--- Data records ---
lemma le_of_forall_le_mult_ratio_power:
  fixes x C :: real
  assumes "\<And>K::nat. K \<ge> 1 \<Longrightarrow> x \<le> C * ((real K + 1) / real K) ^ d"
  shows "x \<le> C"
proof -
  have "(\<lambda>K. C * (1 + inverse (real (Suc K))) ^ d) \<longlonglongrightarrow> C * (1 + 0) ^ d"
    by (intro tendsto_intros LIMSEQ_inverse_real_of_nat)
  moreover have "x \<le> C * (1 + inverse (real (Suc K))) ^ d" for K
  proof -
    have "(real (Suc K) + 1) / real (Suc K) = 1 + inverse (real (Suc K))"
      by (simp add: field_simps)
    then show ?thesis using assms[of "Suc K"] by simp
  qed
  ultimately show ?thesis using LIMSEQ_le_const by force
qed

lemma well_rounded_minimal_basis:
  fixes L :: "'a::euclidean_space set"
  assumes "well_rounded L"
  obtains v where "independent (v ` {..<DIM('a)})" "inj_on v {..<DIM('a)}"
    and "\<And>i. i < DIM('a) \<Longrightarrow> v i \<in> min_vecs L"
proof -
  obtain B where B: "B \<subseteq> min_vecs L" "independent B" "min_vecs L \<subseteq> span B"
    using maximal_independent_subset by blast
  have "span B = UNIV"
    using assms B(3) unfolding well_rounded_def by (metis span_minimal subspace_span top.extremum_uniqueI)
  then have "card B = DIM('a)"
    using dim_span_eq_card_independent[OF B(2)] by simp
  then obtain v where v: "bij_betw v {..<DIM('a)} B"
    using ex_bij_betw_nat_finite[of B] by (metis atLeast0LessThan card.infinite DIM_positive less_irrefl)
  then show ?thesis
    using that B(1,2) by (auto simp: bij_betw_def)
qed

lemma card_transversal_le:
  fixes L L' R :: "'a::euclidean_space set"
  assumes L: "is_lattice L" and L': "is_lattice L'" and sub: "L' \<subseteq> L"
    and wr: "well_rounded L'" and mv: "min_vecs L' \<subseteq> min_vecs L"
    and R: "finite R" "R \<subseteq> L"
    and Rsep: "\<And>x y. x \<in> R \<Longrightarrow> y \<in> R \<Longrightarrow> x - y \<in> L' \<Longrightarrow> x = y"
  shows "real (card R) \<le> 2 ^ DIM('a) / unit_ball_vol DIM('a)"
proof -
  define d where "d = DIM('a)"
  obtain v where indep: "independent (v ` {..<d})" and inj: "inj_on v {..<d}"
    and "\<And>i. i < d \<Longrightarrow> v i \<in> min_vecs L'"
    using well_rounded_minimal_basis[OF wr] unfolding d_def by metis
  then have v_min: "v i \<in> min_vecs L" "v i \<in> L'" if "i < d" for i
    using that mv unfolding min_vecs_def[of L'] by blast+
  define m where "m = norm (v 0)"
  have v0: "v 0 \<in> min_vecs L" using v_min by (simp add: d_def)
  then have min: "m \<le> norm w" if "w \<in> L" "w \<noteq> 0" for w
    using that by (auto simp: min_vecs_def m_def)
  have v_bound: "v i \<in> L' \<and> norm (v i) \<le> m" if "i < d" for i
    using v_min[OF that] v0 by (auto simp: min_vecs_def m_def)
  have "m > 0" using v0 by (simp add: min_vecs_def m_def)
  have vol: "unit_ball_vol d \<noteq> 0" using unit_ball_vol_pos[of d] by linarith
  have "real (card R) \<le> (2 ^ d / unit_ball_vol d) * ((real K + 1) / real K) ^ d"
    if "K \<ge> 1" for K
  proof -
    define ball_vol where "ball_vol = unit_ball_vol d * (m / 2) ^ d"
    have "real (card R) * (real K ^ d * ball_vol) \<le> ((real K + 1) * m) ^ d"
      using card_transversal_packing[OF L L' sub indep[unfolded d_def] inj[unfolded d_def]
          v_bound[unfolded d_def] min R Rsep that]
      by (simp add: d_def ball_vol_def mult.assoc)
    also have "\<dots> = (real K + 1) ^ d * m ^ d" by (rule power_mult_distrib)
    also have "\<dots> = (2 ^ d / unit_ball_vol d) * ((real K + 1) / real K) ^ d * (real K ^ d * ball_vol)"
      using \<open>m > 0\<close> that by (simp add: vol ball_vol_def power_divide field_simps)
    finally have "real (card R) * (real K ^ d * ball_vol)
        \<le> (2 ^ d / unit_ball_vol d) * ((real K + 1) / real K) ^ d * (real K ^ d * ball_vol)" .
    moreover have "real K ^ d * ball_vol > 0" using \<open>m > 0\<close> that by (simp add: ball_vol_def)
    ultimately show ?thesis by (simp only: mult_le_cancel_right_pos)
  qed
  then show ?thesis unfolding d_def by (rule le_of_forall_le_mult_ratio_power)
qed

lemma two_power_div_unit_ball_vol:
  "2 ^ d / unit_ball_vol (real d) = (4 / pi) powr (real d / 2) * Gamma (real d / 2 + 1)"
proof -
  have "(4::real) powr (real d / 2) = (2 powr 2) powr (real d / 2)" by simp
  also have "\<dots> = 2 ^ d" by (simp add: powr_powr powr_realpow)
  finally have "(4::real) powr (real d / 2) = 2 ^ d" .
  then show ?thesis by (simp add: unit_ball_vol_def powr_divide)
qed

theorem proposition8p2:
  shows "I_bound TYPE('a::euclidean_space) \<le>
    enat (nat \<lfloor>(4 / pi) powr (real DIM('a) / 2) * Gamma (real DIM('a) / 2 + 1)\<rfloor>)"
  unfolding I_bound_def
proof (rule Sup_least, clarify)
  fix L L' :: "'a set"
  assume L: "is_lattice L" "is_lattice L'" "L' \<subseteq> L" "well_rounded L'" "min_vecs L' \<subseteq> min_vecs L"
  have "real (lattice_index L L') \<le> 2 ^ DIM('a) / unit_ball_vol DIM('a)"
    using card_transversal_le[OF L] by (intro lattice_index_le[OF L(2)]) auto
  then have "lattice_index L L' \<le> nat \<lfloor>(4 / pi) powr (real DIM('a) / 2) * Gamma (real DIM('a) / 2 + 1)\<rfloor>"
    by (simp add: two_power_div_unit_ball_vol le_nat_floor)
  then show "enat (lattice_index L L') \<le> enat (nat \<lfloor>(4 / pi) powr (real DIM('a) / 2) * Gamma (real DIM('a) / 2 + 1)\<rfloor>)"
    by simp
qed

end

--- Aim of the task ---
The reply should be nothing but the number of lines in the entries that include "assumes".

--- Task response ---
3